| Activity |
Determine how many lines of the listing below include the string "inside". Output the number and nothing more.

═══ Source records

lemma lower_semimodular_\<L>: "lower_semimodular \<L> (\<subseteq>)"
  unfolding lower_semimodular_def
proof (intro ballI impI)
  fix F H assume F: "F \<in> \<L>" and H: "H \<in> \<L>" and "lcovers \<L> (\<subseteq>) F (ljoin \<L> (\<subseteq>) F H)"
  then have "lcovers \<L> (\<subseteq>) F (pairwise_Int F H)"
    by (simp add: ljoin_\<L>)
  then obtain A where A: "A \<notin> F" "pairwise_Int F H = insert A F"
    by (rule lcovers_\<L>_obtains_insert)
  have "H \<subseteq> insert A F"
    using pairwise_Int_upper2[OF F H] A(2) by simp
  moreover have "A \<in> H"
  proof (rule ccontr)
    assume "A \<notin> H"
    then have "H \<subseteq> F"
      using \<open>H \<subseteq> insert A F\<close> by blast
    then have "pairwise_Int F H \<subseteq> F"
      using pairwise_Int_least[OF F] by blast
    with A show False by blast
  qed
  ultimately have "H = insert A (F \<inter> H)"
    by blast
  moreover have "lcovers \<L> (\<subseteq>) (F \<inter> H) (insert A (F \<inter> H))"
    using Int_\<L>[OF F H] H A(1) calculation by (intro lcovers_insert) auto
  ultimately show "lcovers \<L> (\<subseteq>) (lmeet \<L> (\<subseteq>) F H) H"
    by (simp add: lmeet_\<L>[OF F H])
qed

lemma pairwise_Int_absorb:
  assumes "F \<in> \<L>" "H \<in> \<L>" "A \<in> F" "B \<in> pairwise_Int F H"
  shows "A \<inter> B \<in> pairwise_Int F H"
  using assms \<L>_Int[OF pairwise_Int_\<L>] pairwise_Int_upper1 by blast

lemma pairwise_Int_subset_pairwise_Int_Int:
  assumes F: "F \<in> \<L>" and H: "H \<in> \<L>" and K: "K \<in> \<L>"
    and eq: "pairwise_Int F H = pairwise_Int F K"
  shows "pairwise_Int F H \<subseteq> pairwise_Int F (H \<inter> K)"
proof
  fix C assume C: "C \<in> pairwise_Int F H"
  have HK: "H \<inter> K \<in> \<L>"
    using H K by (rule Int_\<L>)
  have "C \<subseteq> G"
    using C pairwise_Int_\<L>[OF F H] \<L>_mem_subset_carrier by blast
  with finite_carrier show "C \<in> pairwise_Int F (H \<inter> K)"
    using C
  proof (induction C rule: finite_superset_induct)
    case (step C)
    have reduce: "C \<in> pairwise_Int F (H \<inter> K)"
      if "A \<in> F" "B \<in> pairwise_Int F H" "C \<subset> B" "C = A \<inter> B" for A B
    proof -
      have "B \<subseteq> G"
        using that(2) pairwise_Int_\<L>[OF F H] \<L>_mem_subset_carrier by blast
      with that step.IH have "B \<in> pairwise_Int F (H \<inter> K)"
        by blast
      with that show ?thesis
        using pairwise_Int_absorb[OF F HK] by blast
    qed
    from step.prems show ?case
    proof (cases rule: mem_pairwise_Int_cases)
      case right_member
      from step.prems eq have "C \<in> pairwise_Int F K"
        by simp
      then show ?thesis
      proof (cases rule: mem_pairwise_Int_cases)
        case right_member
        with \<open>C \<in> H\<close> show ?thesis
          using pairwise_Int_upper2[OF F HK] by blast
      next
        case (proper_split A B)
        then show ?thesis
          using reduce eq pairwise_Int_upper2[OF F K] by blast
      qed
    next
      case (proper_split A B)
      then show ?thesis
        using reduce pairwise_Int_upper2[OF F H] by blast
    qed
  qed
qed

lemma join_semidistributive_\<L>: "join_semidistributive \<L> (\<subseteq>)"
  unfolding join_semidistributive_def
proof (intro ballI impI)
  fix F H K assume F: "F \<in> \<L>" and H: "H \<in> \<L>" and K: "K \<in> \<L>"
    and "ljoin \<L> (\<subseteq>) F H = ljoin \<L> (\<subseteq>) F K"
  then have "pairwise_Int F H = pairwise_Int F K"
    by (simp add: ljoin_\<L>)
  then have "pairwise_Int F H = pairwise_Int F (H \<inter> K)"
    using pairwise_Int_subset_pairwise_Int_Int[OF F H K] pairwise_Int_mono[of "H \<inter> K" H F]
    by blast
  then show "ljoin \<L> (\<subseteq>) F H = ljoin \<L> (\<subseteq>) F (lmeet \<L> (\<subseteq>) H K)"
    by (simp add: ljoin_\<L> lmeet_\<L> F H K Int_\<L>)
qed

lemma atoms_\<L>: "{{G, A} | A. A \<in> E \<and> A \<noteq> G} \<subseteq> atoms \<L> (\<subseteq>)"
proof
  fix P assume "P \<in> {{G, A} | A. A \<in> E \<and> A \<noteq> G}"
  then obtain A where P: "P = {G, A}" and A: "A \<in> E" "A \<noteq> G"
    by blast
  have "A \<subseteq> G"
    using A E_subset_Pow by blast
  then have "insert A {G} \<in> \<L>"
    using A carrier_in_E by (intro \<L>I) auto
  then have "lcovers \<L> (\<subseteq>) {G} (insert A {G})"
    using A bot_\<L> by (intro lcovers_insert) auto
  then show "P \<in> atoms \<L> (\<subseteq>)"
    unfolding atoms_def lbot_\<L> P by (simp add: insert_commute)
qed

lemma atomistic_\<L>: "atomistic \<L> (\<subseteq>)"
  unfolding atomistic_def
proof
  fix F assume F: "F \<in> \<L>"
  let ?atoms = "{{G, A} | A. A \<in> F \<and> A \<noteq> G}"
  have "?atoms \<subseteq> atoms \<L> (\<subseteq>)"
    using atoms_\<L> \<L>_subset[OF F] by blast
  moreover have "F \<subseteq> K" if "K \<in> \<L>" "\<forall>P\<in>?atoms. P \<subseteq> K" for K
  proof
    fix A assume "A \<in> F"
    with that show "A \<in> K"
      using \<L>_carrier[of K] by (cases "A = G") auto
  qed
  then have "is_lub \<L> (\<subseteq>) ?atoms F"
    unfolding is_lub_def using F \<L>_carrier[OF F] by auto
  ultimately show "\<exists>As. As \<subseteq> atoms \<L> (\<subseteq>) \<and> is_lub \<L> (\<subseteq>) As F"
    by blast
qed

lemma Inter_meet_irreducibles:
  assumes "A \<in> E"
  shows "\<Inter>{Q \<in> meet_irreducibles E. A \<subseteq> Q} = A"
proof -
  have "A \<subseteq> G"
    using assms E_subset_Pow by blast
  with finite_carrier show ?thesis
    using assms
  proof (induction A rule: finite_superset_induct)
    case (step A)
    show ?case
    proof (cases "A \<in> meet_irreducibles E")
      case False
      then obtain B C where BC: "B \<in> E" "C \<in> E" "A = B \<inter> C" "A \<subset> B" "A \<subset> C"
        using step.prems unfolding meet_irreducibles_def by blast
      have "\<Inter>{Q \<in> meet_irreducibles E. A \<subseteq> Q} \<subseteq> D"
        if "A \<subset> D" "D \<in> E" for D
      proof -
        have "\<Inter>{Q \<in> meet_irreducibles E. A \<subseteq> Q} \<subseteq> \<Inter>{Q \<in> meet_irreducibles E. D \<subseteq> Q}"
          using that(1) by (intro Inter_anti_mono) blast
        also have "\<dots> = D"
          using that E_subset_Pow by (intro step.IH) auto
        finally show ?thesis .
      qed
      then have "\<Inter>{Q \<in> meet_irreducibles E. A \<subseteq> Q} \<subseteq> B \<inter> C"
        using BC by blast
      with BC(3) show ?thesis
        by blast
    qed auto
  qed
qed

lemma pairwise_Int_eq_top_iff:
  assumes F: "F \<in> \<L>" and H: "H \<in> \<L>"
  shows "pairwise_Int H F = E \<longleftrightarrow> meet_irreducibles E - F \<subseteq> H"
proof
  assume top: "pairwise_Int H F = E"
  show "meet_irreducibles E - F \<subseteq> H"
  proof
    fix Q assume Q: "Q \<in> meet_irreducibles E - F"
    then have "Q \<in> pairwise_Int H F"
      using top unfolding meet_irreducibles_def by blast
    then obtain B C where BC: "B \<in> H" "C \<in> F" "Q = B \<inter> C"
      unfolding pairwise_Int_def by blast
    moreover have "B \<in> E" "C \<in> E"
      using BC F H \<L>_subset by blast+
    ultimately have "Q = B \<or> Q = C"
      using Q unfolding meet_irreducibles_def by blast
    with Q BC show "Q \<in> H"
      by auto
  qed
next
  assume irreducibles: "meet_irreducibles E - F \<subseteq> H"
  show "pairwise_Int H F = E"
  proof
    show "pairwise_Int H F \<subseteq> E"
      using pairwise_Int_\<L>[OF H F] by (rule \<L>_subset)
  next
    show "E \<subseteq> pairwise_Int H F"
    proof
      fix A assume A: "A \<in> E"
      let ?above = "\<lambda>S. {Q \<in> S. A \<subseteq> Q}"
      let ?outside = "G \<inter> \<Inter>(?above (meet_irreducibles E - F))"
      let ?inside = "G \<inter> \<Inter>(?above (meet_irreducibles E \<inter> F))"
      have "A = \<Inter>(?above (meet_irreducibles E))"
        using Inter_meet_irreducibles[OF A] by simp
      also have "?above (meet_irreducibles E)
          = ?above (meet_irreducibles E - F) \<union> ?above (meet_irreducibles E \<inter> F)"
        by blast
      finally have "A = \<Inter>(?above (meet_irreducibles E - F)) \<inter> \<Inter>(?above (meet_irreducibles E \<inter> F))"
        by (simp only: Inter_Un_distrib)
      moreover have "A \<subseteq> G"
        using A E_subset_Pow by blast
      ultimately have split: "A = ?outside \<inter> ?inside"
        by (simp only: Int_absorb1 Int_assoc Int_left_commute)
      have "?outside \<in> H"
        using irreducibles by (intro \<L>_Inter[OF H]) blast
      moreover have "?inside \<in> F"
        by (intro \<L>_Inter[OF F]) blast
      ultimately show "A \<in> pairwise_Int H F"
        by (subst split) (rule pairwise_IntI)
    qed
  qed
qed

══════

| Finished task |
3